RLHF Suppresses Reasoning and Elections Are To Blame

Election theory, preference learning, and the costs of missing cardinal data during post-training.

This post is based on Zhao, Dai & Awasthi 2025 [1].

RLHF is good at some things, like instruction tuning, but is also known to suppress reasoning capabilities. It's now common to blame this on the RLHF algorithm: because RLHF collects preference data in a separate stage from training, reliance on offline data results in overfitting/reward-hacking and necessitates aggressive regularization (hence the saying "RLHF isn't real RL").

But we've recently found that there's another, orthogonal, and more troubling explanation: the use of preferences as a data modality results in information loss that unavoidably suppresses "robust behaviors" (such as backtracking) and, by extension, suppresses reasoning. As a fundamental limitation of preference data, this can't be overcome just by collecting data online or modifying the RLHF algorithm. Interestingly, the principles behind this impossibility result are also the same principles that tell us that elections will inevitably suppress "compromise candidates": candidates that are not usually a favorite but are a reasonable compromise for most voters. This blog is just aimed at explaining the main intuition behind this result; see [1] for details.

An abstract illustration of this blog's content, featuring Lily and Azalea (right).

Why We Care About Preference Data

RLHF is still the dominant paradigm for instruction tuning, safety training, and alignment.
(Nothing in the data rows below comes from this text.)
(* Let $n\ge2$, $d\ge1$ with $\gcd(n,d)=1$, and let $\ell,\ell'\in\mathrm{Dyck}_{d,n}$. Then for every $2\le i\le n+d$ the relation $\bar\ell\,R\,r^i(\bar{\ell'})$ does not hold (in $L_{d+1,n}$).
   Context: $L_{a,b}$ is the set of lattice paths from $(0,0)$ to $(a,b)$ made of unit horizontal $(1,0)$ and vertical $(0,1)$ steps. $\mathrm{Dyck}_{d,n}$ is the set of $\ell\in L_{d,n}$ all of whose lattice points $(x,y)$ satisfy $y\le\frac nd x$. For $\ell\in L_{d,n}$, $\bar\ell\in L_{d+1,n}$ is obtained by adding a horizontal step at the beginning. For $p\in L_{d+1,n}$, $r(p)$ is obtained by moving the first step of $p$ to the end. For $p_1,p_2\in L_{d+1,n}$: $p_1\le p_2$ means $p_1$ lies weakly below $p_2$; $Y_p$ is the region of the $(d+1)\times n$ rectangle between $p$ and the right and bottom sides; $p_1\,R\,p_2$ iff $p_1\le p_2$ and no lattice-aligned rectangle of width $2$ and height $1$ fits inside $Y_{p_2}\setminus Y_{p_1}$. *)

theory Defs
  imports Complex_Main
begin

text \<open>A lattice path is a list of steps: True = horizontal unit step (1,0),
  False = vertical unit step (0,1).\<close>

type_synonym path = "bool list"

definition lpath :: "nat \<Rightarrow> nat \<Rightarrow> path set" where
  "lpath a b = {p. length (filter id p) = a \<and> length (filter Not p) = b}"

definition lpoint :: "path \<Rightarrow> nat \<Rightarrow> nat \<times> nat" where
  "lpoint p i = (length (filter id (take i p)), length (filter Not (take i p)))"

definition lpoints :: "path \<Rightarrow> (nat \<times> nat) set" where
  "lpoints p = {lpoint p i | i. i \<le> length p}"

definition dyck :: "nat \<Rightarrow> nat \<Rightarrow> path set" where
  "dyck d n = {l \<in> lpath d n. \<forall>(x, y) \<in> lpoints l. real y \<le> real n / real d * real x}"

definition pbar :: "path \<Rightarrow> path" where
  "pbar l = True # l"

definition rot :: "path \<Rightarrow> path" where
  "rot p = tl p @ [hd p]"

definition path_below :: "path \<Rightarrow> path \<Rightarrow> bool" where
  "path_below p1 p2 \<longleftrightarrow> (\<forall>(x, y) \<in> lpoints p1. \<exists>y'. (x, y') \<in> lpoints p2 \<and> y \<le> y')"

text \<open>Y_p as a set of unit cells: cell (k,j) is the square [k,k+1]\<times>[j,j+1];
  it lies below p (between p and the bottom/right sides) iff the horizontal step of p
  in column k occurs at height > j.\<close>
definition ycells :: "path \<Rightarrow> (nat \<times> nat) set" where
  "ycells p = {(k, j). \<exists>i < length p. p ! i \<and> fst (lpoint p i) = k \<and> j < snd (lpoint p i)}"

definition relR :: "path \<Rightarrow> path \<Rightarrow> bool" where
  "relR p1 p2 \<longleftrightarrow> path_below p1 p2 \<and>
     \<not> (\<exists>k j. (k, j) \<in> ycells p2 - ycells p1 \<and> (Suc k, j) \<in> ycells p2 - ycells p1)"

end

theory Submission
  imports Defs
begin

text \<open>Write r^i(bar l') as u h w, where h is the prepended horizontal step, w consists of the
  first i - 1 steps of l' and u of the remaining ones. Because gcd(n, d) = 1, a Dyck path meets
  the line y = (n/d) x only at its end points, so w ends strictly below the line and hence u,
  ending at some point (x, y), ends strictly above it: n x < d y. The step h puts the cell
  (x, y - 1) into Y, and the first horizontal step of w (there is one, as w ends strictly below
  the line) puts (x + 1, y - 1) there too. Every cell (k, j) of Y of bar l satisfies
  d (j + 1) \<le> n (k - 1), which both of these cells violate, so they form a 2 \<times> 1 rectangle in
  the difference of the two regions.\<close>

lemma funpow_rot_eq_rotate: "p \<noteq> [] \<Longrightarrow> (rot ^^ i) p = rotate i p"
  by (induction i) (simp_all add: rot_def rotate1_hd_tl)

lemma length_lpath: "p \<in> lpath a b \<Longrightarrow> length p = a + b"
  using sum_length_filter_compl[of id p] by (simp add: lpath_def comp_def)

lemma length_dyck: "l \<in> dyck d n \<Longrightarrow> length l = n + d"
  by (simp add: dyck_def length_lpath add.commute)

lemma dyck_lpoint_below:
  assumes "l \<in> dyck d n" "0 < d" "q \<le> length l"
  shows "d * snd (lpoint l q) \<le> n * fst (lpoint l q)"
proof -
  obtain a b where ab: "lpoint l q = (a, b)" by force
  then have "(a, b) \<in> lpoints l" using assms(3) unfolding lpoints_def by force
  then have "real b \<le> real n / real d * real a" using assms(1) unfolding dyck_def by blast
  then have "real d * real b \<le> real n * real a" using assms(2) by (simp add: field_simps)
  then show ?thesis using ab by (simp flip: of_nat_mult)
qed

lemma dyck_lpoint_strictly_below:
  assumes "l \<in> dyck d n" "0 < d" "coprime n d" "0 < q" "q < length l"
  shows "d * snd (lpoint l q) < n * fst (lpoint l q)"
proof (rule ccontr)
  obtain a b where ab: "lpoint l q = (a, b)" by force
  have "a + b = q"
    using ab assms(5) sum_length_filter_compl[of id "take q l"] by (simp add: lpoint_def comp_def)
  have "d * b \<le> n * a" using dyck_lpoint_below[OF assms(1,2), of q] assms(5) ab by simp
  moreover assume "\<not> ?thesis"
  ultimately have eq: "d * b = n * a" using ab by simp
  then have "d dvd a"
    using assms(3) by (metis coprime_commute coprime_dvd_mult_right_iff dvd_triv_left)
  then obtain k where "a = d * k" by blast
  with eq assms(2) have "b = n * k" by simp
  with \<open>a + b = q\<close> \<open>a = d * k\<close> have "q = (n + d) * k" by (simp add: algebra_simps)
  then show False using assms(4,5) length_dyck[OF assms(1)] by (cases k) auto
qed

lemma dyck_drop_strictly_above:
  assumes "l \<in> dyck d n" "0 < d" "coprime n d" "0 < q" "q < length l"
  shows "n * length (filter id (drop q l)) < d * length (filter Not (drop q l))"
proof -
  define a b x y where "a = length (filter id (take q l))" and "b = length (filter Not (take q l))"
    and "x = length (filter id (drop q l))" and "y = length (filter Not (drop q l))"
  have "d * b < n * a"
    using dyck_lpoint_strictly_below[OF assms] by (simp add: lpoint_def a_def b_def)
  moreover have "a + x = d" "b + y = n"
    using assms(1) append_take_drop_id[of q l] unfolding a_def b_def x_def y_def
    by (simp_all add: dyck_def lpath_def flip: length_append filter_append)
  then have "n * a + n * x = d * b + d * y"
    by (metis add_mult_distrib2 mult.commute)
  ultimately show ?thesis unfolding x_def y_def by linarith
qed

lemma dyck_take_has_horizontal:
  assumes "l \<in> dyck d n" "0 < d" "coprime n d" "0 < q" "q < length l"
  shows "True \<in> set (take q l)"
proof -
  have "filter id (take q l) \<noteq> []"
    using dyck_lpoint_strictly_below[OF assms] by (auto simp: lpoint_def)
  then show ?thesis by (auto simp: filter_empty_conv)
qed

lemma ycells_dyck:
  assumes "l \<in> dyck d n" "0 < d" "(k, j) \<in> ycells l"
  shows "d * Suc j \<le> n * k"
proof -
  obtain i where i: "i < length l" "fst (lpoint l i) = k" "j < snd (lpoint l i)"
    using assms(3) unfolding ycells_def by blast
  then have "d * Suc j \<le> d * snd (lpoint l i)" by (metis Suc_leI mult_le_mono2)
  also have "\<dots> \<le> n * k" using dyck_lpoint_below[OF assms(1,2)] i by fastforce
  finally show ?thesis .
qed

lemma ycells_Cons_True: "ycells (True # p) = apfst Suc ` ycells p"
proof (intro equalityI subsetI)
  fix c assume "c \<in> ycells (True # p)"
  then obtain i j where "c = (fst (lpoint (True # p) i), j)" "i < Suc (length p)"
    "(True # p) ! i" "j < snd (lpoint (True # p) i)"
    unfolding ycells_def by auto
  then show "c \<in> apfst Suc ` ycells p"
    by (cases i) (auto simp: ycells_def lpoint_def image_iff)
next
  fix c assume "c \<in> apfst Suc ` ycells p"
  then obtain i j where "c = (Suc (fst (lpoint p i)), j)" "i < length p" "p ! i"
    "j < snd (lpoint p i)"
    unfolding ycells_def by auto
  then show "c \<in> ycells (True # p)"
    unfolding ycells_def by (auto simp: lpoint_def intro!: exI[of _ "Suc i"])
qed

lemma ycells_pbar_dyck:
  assumes "l \<in> dyck d n" "0 < d" "(k, j) \<in> ycells (pbar l)"
  shows "d * Suc j + n \<le> n * k"
  using assms ycells_dyck[OF assms(1,2)] by (auto simp: pbar_def ycells_Cons_True)

lemma ycells_append_Cons_True:
  assumes "j < length (filter Not u)"
  shows "(length (filter id u), j) \<in> ycells (u @ True # v)"
  unfolding ycells_def using assms by (auto simp: lpoint_def intro!: exI[of _ "length u"])

lemma ycells_domino:
  assumes "j < length (filter Not u)" "True \<in> set w"
  shows "(length (filter id u), j) \<in> ycells (u @ True # w)"
    and "(Suc (length (filter id u)), j) \<in> ycells (u @ True # w)"
proof -
  show "(length (filter id u), j) \<in> ycells (u @ True # w)"
    using ycells_append_Cons_True[OF assms(1)] .
  obtain ys zs where w: "w = ys @ True # zs" "True \<notin> set ys"
    using split_list_first[OF assms(2)] by blast
  then have "filter id ys = []" "filter Not ys = ys"
    by (auto simp: filter_empty_conv filter_id_conv)
  then have "j < length (filter Not (u @ True # ys))"
    "length (filter id (u @ True # ys)) = Suc (length (filter id u))"
    using assms(1) by simp_all
  from ycells_append_Cons_True[OF this(1), of zs] this(2)
  show "(Suc (length (filter id u)), j) \<in> ycells (u @ True # w)"
    using w by simp
qed

theorem proposition4p18:
  fixes n d :: nat and l l' :: path
  assumes "n \<ge> 2" "d \<ge> 1" "coprime n d"
    and "l \<in> dyck d n" "l' \<in> dyck d n"
  shows "\<forall>i. 2 \<le> i \<and> i \<le> n + d \<longrightarrow> \<not> relR (pbar l) ((rot ^^ i) (pbar l'))"
proof (intro allI impI)
  fix i assume i: "2 \<le> i \<and> i \<le> n + d"
  define u w where "u = drop (i - 1) l'" and "w = take (i - 1) l'"
  define x y where "x = length (filter id u)" and "y = length (filter Not u)"
  have d: "0 < d" using assms(2) by simp
  have q: "0 < i - 1" "i - 1 < length l'"
    using i length_dyck[OF assms(5)] by auto
  have "(rot ^^ i) (pbar l') = rotate i (True # l')"
    by (simp add: pbar_def funpow_rot_eq_rotate)
  also have "\<dots> = u @ True # w"
    using i q by (cases i) (simp_all add: rotate_drop_take u_def w_def)
  finally have rot: "(rot ^^ i) (pbar l') = u @ True # w" .
  have above: "n * x < d * y"
    using dyck_drop_strictly_above[OF assms(5) d assms(3) q] by (simp add: x_def y_def u_def)
  then have "y - 1 < y" by (cases y) auto
  then have "(x, y - 1) \<in> ycells (u @ True # w)" "(Suc x, y - 1) \<in> ycells (u @ True # w)"
    using ycells_domino dyck_take_has_horizontal[OF assms(5) d assms(3) q]
    by (simp_all add: x_def y_def w_def)
  moreover have "(x, y - 1) \<notin> ycells (pbar l)" "(Suc x, y - 1) \<notin> ycells (pbar l)"
    using ycells_pbar_dyck[OF assms(4) d] above \<open>y - 1 < y\<close> by (fastforce simp: Suc_diff_1)+
  ultimately show "\<not> relR (pbar l) ((rot ^^ i) (pbar l'))"
    unfolding relR_def rot by blast
qed

end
There's a good reason for this: preference data is the most convenient way of getting human feedback. Because humans can usually pick between options faster than they can score them, preferences are cheaper to collect and typically less noisy than human-labeled SFT or reward data. Preference data also has the advantage of capturing fine-grained signals, e.g. distinguishing between two potential responses even when one is only a tiny bit better than the other—these signals would otherwise be drowned out in noise.

Yet the greatest recent advancements in reasoning capabilities (e.g., o1, r1) have come from reinforcement learning with verifiable rewards (RLVR). Part of this is due to supply: answers to reasoning tasks can often be verified programatically. But while relying on verification rewards works fine for coding and close-ended exams, human feedback is still needed for many reasoning-heavy tasks like writing 📝, code completion 🤖, agentic research 🔎, and trip planning ✈️. Indeed, there certainly have been attempts to imbue reasoning with RLHF, primarily for code completion and writing tasks, though primarily within larger companies and with less public visibility.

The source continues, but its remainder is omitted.